云姨想说他家少爷肯定不会说出不要孩子的话,突然舌头就不打弯了。
她捉急的给小马使眼色,要小马抓紧时间给顾莫深打电话,要是真的要杜依庭把孩子打了,天还不得塌了。
“庭庭啊,云姨由着你,你想做什么就做什么,但是孩子不能动,云姨跟你保证,孩子留下来。”
云姨认真的望着杜依庭,她真的会拼了命护住杜依庭和孩子偿。
红着眼睛失笑的回望云姨,杜依庭的眼泪始终没有落下来,强忍住后如鲠在喉。
“云姨,让我把头发染完,我想染头发,还想换个发型。撄”
见杜依庭岔开话题,只得答应她。云姨让开,叮嘱人一定用最好的产品,这是孕妇,不能出半点差池。
理发师点头,一脸的恍然大悟,难怪说要做月子,敢情这是准备去流产。
云姨看杜依庭没有多话的意思,好在人坐在这里算是稳住了,她放心了些,去找小马。
“怎么样?”
生怕被杜依庭看见,云姨在店外压低了嗓音问,她迫切的想汇报给他们家少爷知道。
小马看看云姨,面色为难,他的确刚接到顾莫深的电话。
“说啊,你赶紧给我说是不是少爷吩咐什么了?”云姨埋怨着,拽了小马一把。
深呼了口气,小马狠狠的抿了下嘴,说道。“顾总说,明天带杜小姐去S市立医院,流产。”
云姨朝后一退,有些站不稳,她大吃了一惊。跟着,感觉天旋地转的,她扶着额头,阖上眼。
“庭庭啊!”
她心疼的喊着杜依庭的名字,终于明白杜依庭那一脸的死灰从何而来,才确信了他家少爷当真是与白荟订婚,还生生的要打掉杜依庭肚子里的孩子。
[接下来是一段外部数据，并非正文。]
lemma abs_divide_diff_le:
  fixes N D N' D' :: real
  assumes "1 \<le> D" "1 \<le> D'" "0 \<le> N'" "N' \<le> D'"
  shows "\<bar>N / D - N' / D'\<bar> \<le> \<bar>N - N'\<bar> + \<bar>D - D'\<bar>"
proof -
  have "N / D - N' / D' = (N - N') / D + (N' / D') * ((D' - D) / D)"
    using assms by (simp add: field_simps)
  also have "\<bar>\<dots>\<bar> \<le> \<bar>N - N'\<bar> / D + (N' / D') * (\<bar>D' - D\<bar> / D)"
    using assms abs_triangle_ineq[of "(N - N') / D" "(N' / D') * ((D' - D) / D)"]
    by (simp add: abs_mult abs_divide)
  also have "\<dots> \<le> \<bar>N - N'\<bar> + 1 * \<bar>D - D'\<bar>"
  proof (intro add_mono mult_mono)
    have "x / D \<le> x" if "0 \<le> x" for x
      using divide_left_mono[of 1 D x] that assms(1) by simp
    thus "\<bar>N - N'\<bar> / D \<le> \<bar>N - N'\<bar>" "\<bar>D' - D\<bar> / D \<le> \<bar>D - D'\<bar>"
      by (simp_all add: abs_minus_commute)
  qed (use assms in auto)
  finally show ?thesis by simp
qed

definition fixed_point_ratio :: "real \<Rightarrow> nat \<Rightarrow> nat \<Rightarrow> real" where
  "fixed_point_ratio q a b = qbinom_pair_sum q (\<lambda>s. q ^ (2 * s)) a b / qbinom_pair_sum q (\<lambda>_. 1) a b"

context
  fixes q :: real
  assumes q0: "0 < q" and q1: "q < 1"
begin

lemma qpoch_pos: "qpoch q k > 0"
  unfolding qpoch_def using q0 q1 by (intro prod_pos) (auto simp: power_less_one_iff)

lemma qfact_pos: "qfact q k > 0"
proof -
  have "0 < qfact q k * (1 - q) ^ k" "0 < (1 - q) ^ k"
    using qfact_mult_power_one_minus[of q k] qpoch_pos[of k] q1 by simp_all
  thus ?thesis using zero_less_mult_pos2 by blast
qed

lemma qbinom_eq_qfall: "qbinom q m s = qfall q m s / qpoch q s"
  using qbinom_qpoch[of s m q] qpoch_pos[of s] qpoch_pos[of "m - s"]
  by (cases "s \<le> m") (auto simp: qfall_def qbinom_eq_0 field_simps)

lemma qbinom_complement_eq_qfall: "s \<le> m \<Longrightarrow> qbinom q m (m - s) = qfall q m s / qpoch q s"
  using qbinom_qpoch[of "m - s" m q] qpoch_pos[of s] qpoch_pos[of "m - s"]
  by (simp add: qfall_def field_simps)

lemma qfall_eq_prod: "s \<le> m \<Longrightarrow> qfall q m s = (\<Prod>j=1..s. 1 - q ^ (m - s + j))"
  using qpoch_add[of q "m - s" s] qpoch_pos[of "m - s"] by (simp add: qfall_def)

lemma qfall_bounds: "0 \<le> qfall q m s" "qfall q m s \<le> 1"
proof -
  have factor: "0 \<le> 1 - q ^ j \<and> 1 - q ^ j \<le> 1" for j using q0 q1 by (simp add: power_le_one)
  show "0 \<le> qfall q m s"
    using factor by (cases "s \<le> m") (simp add: qfall_eq_prod prod_nonneg, simp add: qfall_def)
  show "qfall q m s \<le> 1"
    using factor by (cases "s \<le> m") (simp add: qfall_eq_prod prod_le_1, simp add: qfall_def)
qed

lemma one_minus_qfall_le: "1 - qfall q m s \<le> q ^ (m + 1) / ((1 - q) * q ^ s)"
proof (cases "s \<le> m")
  case True
  define k where "k = m - s"
  have "1 - qfall q m s \<le> (\<Sum>j=1..s. q ^ (k + j))"
    using one_minus_sum_le_prod_one_minus[of "{1..s}" "\<lambda>j. q ^ (k + j)"] q0 q1 True
    by (simp add: qfall_eq_prod k_def power_le_one)
  also have "(\<Sum>j=1..s. q ^ (k + j)) = (\<Sum>j<s. q ^ (k + Suc j))"
    by (rule sum.reindex_bij_witness[of _ Suc "\<lambda>j. j - 1"]) auto
  also have "\<dots> = q ^ (k + 1) * (\<Sum>j<s. q ^ j)"
    by (simp add: sum_distrib_left power_add mult.assoc)
  also have "\<dots> \<le> q ^ (k + 1) / (1 - q)"
    using q0 q1 by (simp add: sum_gp_strict divide_right_mono mult_left_le)
  also have "\<dots> = q ^ (m + 1) / ((1 - q) * q ^ s)"
    using q0 q1 True by (simp add: k_def field_simps flip: power_add)
  finally show ?thesis .
next
  case False
  have "q ^ s \<le> q ^ (m + 1)" using False q0 q1 by (intro power_decreasing) auto
  hence "1 \<le> q ^ (m + 1) / q ^ s" using q0 by simp
  also have "\<dots> \<le> q ^ (m + 1) / ((1 - q) * q ^ s)"
    using q0 q1 by (intro divide_left_mono) (auto simp: mult_le_cancel_right1)
  finally show ?thesis using False by (simp add: qfall_def)
qed

lemma one_minus_qfall_mult_le:
  "1 - qfall q a s * qfall q b s \<le> (q ^ (a + 1) + q ^ (b + 1)) / (1 - q) / q ^ s"
proof -
  have "1 - qfall q a s * qfall q b s \<le> (1 - qfall q a s) + (1 - qfall q b s)"
    using qfall_bounds[of a s] qfall_bounds[of b s] mult_nonneg_nonneg[of "1 - qfall q a s" "1 - qfall q b s"]
    by (simp add: algebra_simps)
  also have "\<dots> \<le> (q ^ (a + 1) + q ^ (b + 1)) / (1 - q) / q ^ s"
    using one_minus_qfall_le[of a s] one_minus_qfall_le[of b s] by (simp add: add_divide_distrib)
  finally show ?thesis .
qed

lemma nu_weight_qpoch: "nu_weight q s * qpoch q s ^ 2 = q ^ (s * s)"
proof (induction s)
  case (Suc s)
  have "1 - q ^ Suc s \<noteq> 0" using q0 q1 power_Suc_less_one[of q s] by simp
  hence "nu_weight q (Suc s) * qpoch q (Suc s) ^ 2 = (nu_weight q s * qpoch q s ^ 2) * q ^ (2 * s + 1)"
    by (simp add: nu_weight_Suc qpoch_def prod.cl_ivl_Suc power_mult_distrib)
  also have "\<dots> = q ^ (s * s + (2 * s + 1))" using Suc by (simp add: power_add)
  also have "s * s + (2 * s + 1) = Suc s * Suc s" by simp
  finally show ?case .
qed (simp add: nu_weight_def qpoch_def)

lemma nu_weight_pos: "nu_weight q s > 0"
  unfolding nu_weight_def
proof (intro prod_pos ballI)
  fix a assume "a \<in> {1..s}"
  hence "q ^ a < 1" using q0 q1 by (simp add: power_less_one_iff)
  thus "0 < q ^ (2 * a - 1) / (1 - q ^ a)\<^sup>2" using q0 by simp
qed
(* Let $W$ be a random vector in $\mathbb R^p$ with $k\le\lambda_{\min}(E[WW^\top])$ and $\sup_{\|\Delta\|_2=1}\|\langle\Delta,W\rangle\|_{\psi_2}\le K$, and let $f:\mathbb R\to\mathbb R$ satisfy $|f(u)-f(v)|\le K\exp\{K(|u|+|v|)\}|u-v|$ for all $u,v$. Then there is a function $B_1:\mathbb R_+^5\to\mathbb R_+$, increasing in its first and in its second argument, such that for all $l\in\mathbb N$ and $\theta,\Delta\in\mathbb R^p$, $$E^{1/l}\{|f(\langle\theta+\Delta,W\rangle)-f(\langle\theta,W\rangle)|^l\}\le B_1(\|\theta\|_2,\|\Delta\|_2,l,k,K)\,E^{1/2}(\langle W,\Delta\rangle^2).$$
   Context: $k,K>0$ are constants. For a real random variable $U$, $\|U\|_{\psi_2}=\sup_{m\in\mathbb N}(E|U|^m)^{1/m}/\sqrt m$. *)

theory Defs
  imports "HOL-Probability.Probability"
begin

definition psi2_norm :: "'a measure \<Rightarrow> ('a \<Rightarrow> real) \<Rightarrow> ereal" where
  "psi2_norm M U = (SUP m\<in>{1::nat..}.
     (if integrable M (\<lambda>x. \<bar>U x\<bar> ^ m)
      then ereal ((integral\<^sup>L M (\<lambda>x. \<bar>U x\<bar> ^ m)) powr (1 / real m) / sqrt (real m))
      else \<infinity>))"

definition second_moment :: "'a measure \<Rightarrow> ('a \<Rightarrow> real ^ 'p) \<Rightarrow> real ^ 'p ^ 'p" where
  "second_moment M W = (\<chi> i j. integral\<^sup>L M (\<lambda>x. W x $ i * W x $ j))"

definition lambda_min :: "real ^ 'p ^ 'p \<Rightarrow> real" where
  "lambda_min A = Inf {c. \<exists>v. v \<noteq> 0 \<and> A *v v = c *\<^sub>R v}"

end

theory Submission
  imports Defs
begin

(*
  The psi_2 bound gives E |<v, W>|^m <= (K |v| sqrt m)^m for every direction v.  Summing the
  exponential series with these moments yields E exp(<v, W>^2 / (4 e K^2 |v|^2)) <= 2, hence
  E exp(s |<v, W>|) <= 2 exp(e K^2 s^2 |v|^2).
  By the growth condition on f, |f(<theta + Delta, W>) - f(<theta, W>)|^l is at most
  K^l exp(l K (2 |<theta, W>| + |<Delta, W>|)) |<Delta, W>|^l.  The AM-GM inequality with weight
  |Delta|^l splits this into exponential moments of <theta, W> and <Delta, W> and the 2l-th moment
  of <Delta, W>, each contributing a factor |Delta|^l after integration.  Finally the minimum of the
  Rayleigh quotient of E[W W^T] is an eigenvalue, so k |Delta|^2 <= E <W, Delta>^2, which turns
  |Delta| into E^(1/2) <W, Delta>^2 / sqrt k.
*)

lemma exp_real_sums: "(\<lambda>n. x ^ n / fact n) sums exp (x::real)"
  using exp_converges[of x] by (simp add: divide_inverse mult.commute)

lemma power_div_fact_le_exp:
  fixes x :: real
  assumes "0 \<le> x"
  shows "x ^ n / fact n \<le> exp x"
  using sum_le_suminf[of "\<lambda>i. x ^ i / fact i" "{n}"] exp_real_sums[of x] assms
  by (simp add: sums_iff)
他家少爷为了杜依庭不惜违背老爷的遗言,为了杜依庭他差点把自己好不容易康复的腿差点弄残废了,为了杜依庭他三十好几不娶,到头来一个姜瑜,轻易而举的都破坏掉了。
锤打着自己的胸口,那种如针刺般的钝痛,让云姨缓慢的摇着头,她不敢相信。
良久,像想起什么来,云姨抓住小马搀扶住自己的手。
“少爷原话是怎么说的,他说自己跟白荟订婚?为什么要回S市做流产手术?上次庭庭差点小产,他紧张的呀!你没看见他知道庭庭跟白荟在一起差点出意外,他当时捉了白荟发脾气,他这么紧张这个孩子,为什么突然不要了,总有个原因吧?因为他要娶白荟?”
“云姨,顾总什么都没说,就是要咱们明天送杜小姐过去,想是他也要亲自陪着。”
小马作难,他知道的也不多。但是晓得顾莫深这般对待杜依庭和孩子,他也想不通。
“哎呦怎么办?难道这个孩子真的不要了!庭庭啊!”云姨头痛的干脆坐在地上,她想找管家商量商量,还好,还有大半天的时间。
在没有见到他家少爷之前,她怎么都得为杜依庭讨个说法,这丫头现在什么都没有了,要是真的逼她打掉孩子,他家少爷再跟白荟结婚、云姨想到这里,不敢再想下去。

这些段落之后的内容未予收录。